▶ **Directions**
For each line in the material below that holds "also", copy that line.

▶ **Input for this task**
=== Section Start ===

lemma norm_sub_cond_exp_le:
  assumes gm: "good_measure N A \<mu>" and cont: "continuous_on (Sigma_A N A) \<phi>"
    and bnd: "\<forall>x\<in>Sigma_A N A. cmod (\<phi> x) \<le> S" and \<omega>: "\<omega> \<in> Sigma_A N A"
    and osc: "\<forall>\<xi>\<in>cyl N A \<omega> m. cmod (\<phi> \<omega> - \<phi> \<xi>) \<le> r"
  shows "cmod (\<phi> \<omega> - cond_exp N A \<mu> m \<phi> \<omega>) \<le> r"
proof -
  have sp: "space \<mu> = Sigma_A N A" and st: "sets \<mu> = sets (restrict_space borel (Sigma_A N A))"
    and "prob_space \<mu>"
    using gm unfolding good_measure_def by auto
  interpret prob_space \<mu> by fact
  define Z where "Z = cyl N A \<omega> m"
  have "\<omega> \<in> Z" unfolding Z_def cyl_def using \<omega> by simp
  have Z_sets: "Z \<in> sets \<mu>" and Z_pos: "measure \<mu> Z > 0"
    unfolding Z_def using sets_cyl measure_cyl_pos gm \<omega> by auto
  have Z_space: "Z \<subseteq> space \<mu>" using sp unfolding Z_def cyl_def by auto
  have meas: "\<phi> \<in> borel_measurable \<mu>"
    unfolding measurable_cong_sets[OF st refl]
    by (rule borel_measurable_continuous_on_restrict[OF cont])
  have "0 \<le> r" using osc \<open>\<omega> \<in> Z\<close> unfolding Z_def by force
  have "0 \<le> S" using bnd \<omega> by (meson norm_ge_zero order_trans)
  have int_ind: "integrable \<mu> (indicator Z :: _ \<Rightarrow> real)"
    using Z_sets by (intro integrable_real_indicator) (auto simp: less_top[symmetric])
  let ?f = "\<lambda>\<xi>. indicator Z \<xi> *\<^sub>R \<phi> \<xi>"
  let ?c = "\<lambda>\<xi>. indicator Z \<xi> *\<^sub>R \<phi> \<omega>"
  have int_f: "integrable \<mu> ?f"
    using bnd \<open>0 \<le> S\<close> sp meas Z_sets
    by (intro integrable_const_bound[where B = S] AE_I2) (auto simp: indicator_def)
  have int_c: "integrable \<mu> ?c"
    using int_ind by (rule integrable_scaleR_left)
  have c_int: "integral\<^sup>L \<mu> ?c = measure \<mu> Z *\<^sub>R \<phi> \<omega>"
    using Z_space by (subst integral_scaleR_left[OF int_ind]) (simp add: Int_absorb2)
  have "cond_exp N A \<mu> m \<phi> \<omega> = integral\<^sup>L \<mu> ?f / measure \<mu> Z"
    unfolding cond_exp_def Z_def set_lebesgue_integral_def by simp
  then have "\<phi> \<omega> - cond_exp N A \<mu> m \<phi> \<omega> = (integral\<^sup>L \<mu> ?c - integral\<^sup>L \<mu> ?f) / measure \<mu> Z"
    unfolding c_int using Z_pos by (simp add: scaleR_conv_of_real field_simps)
  also have "\<dots> = integral\<^sup>L \<mu> (\<lambda>\<xi>. ?c \<xi> - ?f \<xi>) / measure \<mu> Z"
    using int_c int_f by simp
  finally have "\<phi> \<omega> - cond_exp N A \<mu> m \<phi> \<omega> = integral\<^sup>L \<mu> (\<lambda>\<xi>. ?c \<xi> - ?f \<xi>) / measure \<mu> Z" .
  moreover have "norm (integral\<^sup>L \<mu> (\<lambda>\<xi>. ?c \<xi> - ?f \<xi>)) \<le> measure \<mu> Z * r"
  proof -
    have "norm (integral\<^sup>L \<mu> (\<lambda>\<xi>. ?c \<xi> - ?f \<xi>)) \<le> integral\<^sup>L \<mu> (\<lambda>\<xi>. norm (?c \<xi> - ?f \<xi>))"
      by (rule integral_norm_bound)
    also have "\<dots> \<le> integral\<^sup>L \<mu> (\<lambda>\<xi>. indicator Z \<xi> * r)"
    proof (rule integral_mono)
      show "integrable \<mu> (\<lambda>\<xi>. norm (?c \<xi> - ?f \<xi>))" using int_c int_f by simp
      show "integrable \<mu> (\<lambda>\<xi>. indicator Z \<xi> * r)" using int_ind by simp
      show "norm (?c x - ?f x) \<le> indicator Z x * r" for x
        using osc \<open>0 \<le> r\<close> unfolding Z_def
        by (auto simp: indicator_def simp flip: scaleR_diff_right)
    qed
    also have "\<dots> = measure \<mu> Z * r" using Z_space by (simp add: Int_absorb2)
    finally show ?thesis .
  qed
  ultimately show ?thesis using Z_pos by (simp add: norm_divide divide_le_eq mult.commute)
qed
lemma anti_invariant_wedge_gens_transposition:
  assumes "a \<noteq> b" and "w \<in> wedge_gens \<langle>a \<leftrightarrow> b\<rangle>"
  shows "anti_invariant_form \<langle>a \<leftrightarrow> b\<rangle> w"
proof -
  let ?g = "\<langle>a \<leftrightarrow> b\<rangle>"
  note perp = dual_fix_perp_transposition[OF assms(1)]
  have "?g \<noteq> 1"
    using assms(1) by (metis apply_one apply_swap_simp(1) id_apply)
  then consider "codim_fix ?g = 1" | "codim_fix ?g = 2" | "2 < codim_fix ?g"
    using codim_fix_pos by fastforce
  then show ?thesis
  proof cases
    case 1
    with assms(2) obtain phi psi where
      w: "w = wedge phi psi" and "phi \<in> dual_fix ?g" and psi: "psi \<in> dual_fix_perp ?g"
      by (auto simp: wedge_gens_def)
    then have "\<forall>i. phi (?g \<langle>$\<rangle> i) = phi i"
      using dual_fix_apply by blast
    moreover obtain p where "psi = (\<lambda>x. p * unit_diff a b x)"
      using perp[OF psi] .
    then have "\<forall>i. psi (?g \<langle>$\<rangle> i) = - psi i"
      by (simp add: unit_diff_swap)
    ultimately show ?thesis
      unfolding w by (rule anti_invariant_wedge)
  next
    case 2
    with assms(2) obtain phi psi where
      w: "w = wedge phi psi" and phi: "phi \<in> dual_fix_perp ?g" and psi: "psi \<in> dual_fix_perp ?g"
      by (auto simp: wedge_gens_def)
    obtain p q where "phi = (\<lambda>x. p * unit_diff a b x)" "psi = (\<lambda>x. q * unit_diff a b x)"
      using perp[OF phi] perp[OF psi] by metis
    then have "w j l = 0" for j l
      unfolding w wedge_def by simp
    then show ?thesis by (simp add: anti_invariant_form_def)
  next
    case 3
    with assms(2) show ?thesis by (simp add: wedge_gens_def)
  qed
qed

lemma anti_invariant_wedge_gens_double_transposition:
  assumes abcd: "distinct [a, b, c, d]" and "w \<in> wedge_gens (\<langle>a \<leftrightarrow> b\<rangle> * \<langle>c \<leftrightarrow> d\<rangle>)"
  shows "anti_invariant_form \<langle>a \<leftrightarrow> b\<rangle> w"
proof (cases "codim_fix (\<langle>a \<leftrightarrow> b\<rangle> * \<langle>c \<leftrightarrow> d\<rangle>) = 2")
  case True
  note perp = dual_fix_perp_double_transposition[OF abcd]
  from True assms(2) obtain phi psi where w: "w = wedge phi psi"
    and phi: "phi \<in> dual_fix_perp (\<langle>a \<leftrightarrow> b\<rangle> * \<langle>c \<leftrightarrow> d\<rangle>)"
    and psi: "psi \<in> dual_fix_perp (\<langle>a \<leftrightarrow> b\<rangle> * \<langle>c \<leftrightarrow> d\<rangle>)"
    by (auto simp: wedge_gens_def)
  obtain p q where "phi = (\<lambda>x. p * unit_diff a b x + q * unit_diff c d x)"
    using perp[OF phi] .
  moreover obtain p' q' where "psi = (\<lambda>x. p' * unit_diff a b x + q' * unit_diff c d x)"
    using perp[OF psi] .
  moreover have "{a, b} \<inter> {c, d} = {}"
    using abcd by auto
  ultimately show ?thesis
    unfolding w anti_invariant_form_def wedge_def
    by (simp add: unit_diff_swap unit_diff_swap_disjoint algebra_simps)
next
  case False
  with two_le_codim_fix_double_transposition[OF abcd] assms(2) show ?thesis
    by (simp add: wedge_gens_def)
qed

lemma component_eq_0_if_anti_invariant:
  fixes a1 :: "'n::finite perm \<Rightarrow> 'n tens1" and a0 :: "'n perm \<Rightarrow> 'n form2"
  assumes "\<forall>x. a1 x \<in> H21 x" and "\<forall>x. a0 x \<in> H20 x"
    and "\<forall>h. act1 h a1 = a1" and "\<forall>h. act0 h a0 = a0"
    and "k * g = g * k" and "fixsp g \<subseteq> fixsp k" and "\<forall>w\<in>wedge_gens g. anti_invariant_form k w"
  shows "a1 g = (\<lambda>i j l. 0) \<and> a0 g = (\<lambda>j l. 0)"
proof -
  have conj: "k * g * inverse k = g"
    using assms(5) by (simp add: mult.assoc)
  have "a0 g j l = a0 g (k \<langle>$\<rangle> j) (k \<langle>$\<rangle> l)" for j l
    using fun_cong[OF assms(4)[rule_format, of "inverse k"], of g] by (simp add: act0_def conj fun_eq_iff)
  moreover have "anti_invariant_form k (a0 g)"
    using anti_invariant_H20[OF assms(7)] assms(2) by blast
  moreover have "a1 g i j l = a1 g (k \<langle>$\<rangle> i) (k \<langle>$\<rangle> j) (k \<langle>$\<rangle> l)" for i j l
    using fun_cong[OF assms(3)[rule_format, of "inverse k"], of g] by (simp add: act1_def conj fun_eq_iff)
  moreover have "anti_invariant_tens k (a1 g)"
    using anti_invariant_H21[OF assms(6,7)] assms(1) by blast
  ultimately show ?thesis
    by (simp add: anti_invariant_form_def anti_invariant_tens_def fun_eq_iff)
qed

theorem lemma4p3:
  fixes a1 :: "'n::finite perm \<Rightarrow> 'n tens1"
    and a0 :: "'n perm \<Rightarrow> 'n form2"
    and g :: "'n perm"
  assumes "CARD('n) \<ge> 3"
    and "\<forall>x. a1 x \<in> H21 x"
    and "\<forall>x. a0 x \<in> H20 x"
    and "\<forall>h. act1 h a1 = a1"
    and "\<forall>h. act0 h a0 = a0"
    and "g \<noteq> 1"
    and "\<not> is_3cycle g"
  shows "a1 g = (\<lambda>i j k. 0) \<and> a0 g = (\<lambda>j k. 0)"
proof -
  note component_eq_0 = component_eq_0_if_anti_invariant[OF assms(2-5)]
  from assms(6,7) show ?thesis
  proof (cases rule: transposition_or_double_transposition_or_three_le_codim_fix)
    case (1 a b)
    then show ?thesis
      using component_eq_0[where k = g] anti_invariant_wedge_gens_transposition by blast
  next
    case (2 a b c d)
    have "\<langle>c \<leftrightarrow> d\<rangle> * \<langle>a \<leftrightarrow> b\<rangle> = \<langle>a \<leftrightarrow> b\<rangle> * \<langle>c \<leftrightarrow> d\<rangle>"
      by (rule perm_mult_commute) (use 2(1) in \<open>auto simp: affected_swap\<close>)
    then have "\<langle>a \<leftrightarrow> b\<rangle> * g = g * \<langle>a \<leftrightarrow> b\<rangle>"
      by (simp only: 2(2) mult.assoc)
    moreover have "g \<langle>$\<rangle> a = b"
      using 2 by (simp add: apply_times)
    ultimately show ?thesis
      using anti_invariant_wedge_gens_double_transposition[OF 2(1)]
      by (intro component_eq_0[where k = "\<langle>a \<leftrightarrow> b\<rangle>"] fixsp_subset_fixsp_swap) (simp_all add: 2(2))
  next
    case 3
    then have "wedge_gens g = {}"
      by (simp add: wedge_gens_def)
    then show ?thesis
      using component_eq_0[where k = 1] by (simp add: subset_iff mem_fixsp_iff)
  qed
qed

end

=== Section End ===

▶ **Solution for this exercise**
  also have "\<dots> = integral\<^sup>L \<mu> (\<lambda>\<xi>. ?c \<xi> - ?f \<xi>) / measure \<mu> Z"
    also have "\<dots> \<le> integral\<^sup>L \<mu> (\<lambda>\<xi>. indicator Z \<xi> * r)"
    also have "\<dots> = measure \<mu> Z * r" using Z_space by (simp add: Int_absorb2)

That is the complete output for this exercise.